Pete Morton: Fair Freedom. Album Review.

Liverpool Sound and Vision Rating 9/10

A Golden Thread once pulled would often suggest a loom industriously working to create perhaps the fabled fleece that Greek antiquity held in admiration and coveted appreciation.

It seems as though Pete Morton has been on his own journey, an expedition that has seen the superb lyric writer step back into the shadows and become of sorts an observer of humanity, and in the four years since A Golden Thread was released, there has been an explosion of human activity, of partial societal immobility and a tension that has not been felt bubbling under the skin for a couple of generations. Pete Morton has obviously watched it all unfold, and in his own indomitable style has returned from the shadows and turned on the light for the listener to witness the picture of Fair Freedom that we so deserve.
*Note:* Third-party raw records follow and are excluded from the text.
definition set_root :: "bool \<Rightarrow> nat \<Rightarrow> nat set \<Rightarrow> nat set" where
  "set_root b v R = (if b then insert v R else R - {v})"

definition other_end :: "hgraph \<Rightarrow> nat \<Rightarrow> nat \<Rightarrow> nat" where
  "other_end G r e = (if src G e = r then tgt G e else src G e)"

fun apply_rule :: "rule \<Rightarrow> hgraph \<Rightarrow> mtch \<Rightarrow> hgraph" where
  "apply_rule (NodeRule m m' r') G (MNode v) =
     G\<lparr> nmk := (nmk G)(v := m'),
        roots := (case r' of None \<Rightarrow> roots G | Some b \<Rightarrow> set_root b v (roots G)) \<rparr>"
| "apply_rule (EdgeRule rm om em rm' om' em' rr' or') G (MEdge r e) =
     (let w = other_end G r e in
      G\<lparr> nmk := ((nmk G)(r := rm'))(w := (case om' of None \<Rightarrow> nmk G w | Some m \<Rightarrow> m)),
         emk := (emk G)(e := em'),
         roots := (case or' of None \<Rightarrow> (\<lambda>R. R) | Some b \<Rightarrow> set_root b w)
                    (set_root rr' r (roots G)) \<rparr>)"
| "apply_rule _ G _ = G"

text \<open>
  The order in which the generated code walks through its linked lists is not
  fixed; it is supplied by an arbitrary scheduler.  A scheduler (en, ee) gives, for
  every point in time t (the number of elementary operations performed so far)
  and every finite set of nodes (resp. edges) forming a list, an enumeration
  of that list.  The theorem quantifies over all schedulers.
\<close>
type_synonym sched = "(nat \<Rightarrow> nat set \<Rightarrow> nat list) \<times> (nat \<Rightarrow> nat set \<Rightarrow> nat list)"

definition valid_sched :: "sched \<Rightarrow> bool" where
  "valid_sched \<sigma> \<longleftrightarrow>
     (\<forall>t S. finite S \<longrightarrow> set (fst \<sigma> t S) = S \<and> distinct (fst \<sigma> t S)) \<and>
     (\<forall>t S. finite S \<longrightarrow> set (snd \<sigma> t S) = S \<and> distinct (snd \<sigma> t S))"

text \<open>Walk through a list; each inspected element costs k operations, and
  running off the end costs one fetch (returning null).\<close>
fun scan :: "nat \<Rightarrow> ('a \<Rightarrow> bool) \<Rightarrow> 'a list \<Rightarrow> 'a option \<times> nat" where
  "scan k ok [] = (None, 1)"
| "scan k ok (x # xs) =
     (if ok x then (Some x, k) else (case scan k ok xs of (r, c) \<Rightarrow> (r, k + c)))"

text \<open>Non-loop outgoing / incoming edges of a node with a given mark (loops are
  kept in a separate list).\<close>
definition out_list :: "hgraph \<Rightarrow> nat \<Rightarrow> emark \<Rightarrow> nat set" where
  "out_list G v m = {e \<in> edges G. src G e = v \<and> tgt G e \<noteq> v \<and> emk G e = m}"

definition in_list :: "hgraph \<Rightarrow> nat \<Rightarrow> emark \<Rightarrow> nat set" where
  "in_list G v m = {e \<in> edges G. tgt G e = v \<and> src G e \<noteq> v \<and> emk G e = m}"

text \<open>Trying a root r as image of the rooted rule node: read its mark; if it
  fits, set its matched flag (1), walk the outgoing then the incoming edges of
  the required mark (per edge: fetch, read the other end, test its matched
  flag, read its mark = 4 operations), and clear the flag on failure (1).\<close>
definition try_root :: "sched \<Rightarrow> hgraph \<Rightarrow> nat \<Rightarrow> nmark \<Rightarrow> nmark option \<Rightarrow> emark
                        \<Rightarrow> nat \<Rightarrow> nat option \<times> nat" where
  "try_root \<sigma> G t rm om em r =
     (if nmk G r \<noteq> rm then (None, 0) else
      (case scan 4 (\<lambda>e. tgt G e \<noteq> r \<and> mark_ok om (nmk G (tgt G e)))
                 (snd \<sigma> t (out_list G r em)) of
         (Some e, c1) \<Rightarrow> (Some e, 1 + c1)
       | (None, c1) \<Rightarrow>
          (case scan 4 (\<lambda>e. src G e \<noteq> r \<and> mark_ok om (nmk G (src G e)))
                     (snd \<sigma> t (in_list G r em)) of
             (Some e, c2) \<Rightarrow> (Some e, 1 + c1 + c2)
           | (None, c2) \<Rightarrow> (None, 1 + c1 + c2 + 1))))"

text \<open>Walk the root list: per root one fetch and one mark read (2).\<close>
fun search_roots :: "(nat \<Rightarrow> nat option \<times> nat) \<Rightarrow> nat list \<Rightarrow> mtch option \<times> nat" where
  "search_roots tr [] = (None, 1)"
| "search_roots tr (r # rs) =
     (case tr r of
        (Some e, c) \<Rightarrow> (Some (MEdge r e), 2 + c)
      | (None, c) \<Rightarrow> (case search_roots tr rs of (res, c') \<Rightarrow> (res, 2 + c + c')))"

text \<open>A single unrooted node of
  mark m is matched by fetching the first node of the list of m-marked nodes.\<close>
fun search :: "sched \<Rightarrow> hgraph \<Rightarrow> nat \<Rightarrow> rule \<Rightarrow> mtch option \<times> nat" where
  "search \<sigma> G t (NodeRule m m' r') =
     (case fst \<sigma> t {v \<in> nodes G. nmk G v = m} of
        [] \<Rightarrow> (None, 1)
      | v # _ \<Rightarrow> (Some (MNode v), 1))"
| "search \<sigma> G t (EdgeRule rm om em rm' om' em' rr' or') =
     search_roots (try_root \<sigma> G t rm om em) (fst \<sigma> t (roots G))"

text \<open>Rule set call: try the rules in turn; completing an application costs 1.\<close>
fun call_rules :: "sched \<Rightarrow> hgraph \<Rightarrow> nat \<Rightarrow> rule list \<Rightarrow> hgraph option \<times> nat" where
  "call_rules \<sigma> G t [] = (None, 0)"
| "call_rules \<sigma> G t (\<rho> # \<rho>s) =
     (case search \<sigma> G t \<rho> of
        (Some mt, c) \<Rightarrow> (Some (apply_rule \<rho> G mt), c + 1)
      | (None, c) \<Rightarrow> (case call_rules \<sigma> G (t + c) \<rho>s of (res, c') \<Rightarrow> (res, c + c')))"

datatype cmd = Call "rule list" | Seq cmd cmd | Loop cmd
  | Try cmd cmd cmd | If cmd cmd cmd | Skip | Fail | Break

datatype outcome = Ok hgraph | Failed | Brk hgraph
It is perhaps to the knowledge of our destruction of the British waterways, our life blood as a combined nation, and the highlighted wreckage of beauty that Pete Morton sets his sights upon. The sheer insanity that has come from the persuasive aspect of social media, and the onlookers view of the slaughter and the thought of the two-state system that has currently the world’s attention in the Middle East; these subjects, as well as wonderfully humorous and compelling takes, are the reason for the return of such a captivating talent.

Fair Freedom is built on a foundation of calm observance, very much acknowledging the kind of style and temperament that Cat Stevens himself would honour, but in Mr. Morton’s own gentle stance, and as tracks such as the opener of The Rivers of the Isle, The Genuine You, Birdsong and Green, Newtons Parakeet, the excellent The Ghost of a Sailor, and Die For Love all combine to mark the welcome comeback of a special artist.

A golden thread pulled can lead to a freedom unseen by others, but one that you know yourself to be just, ethical, fair.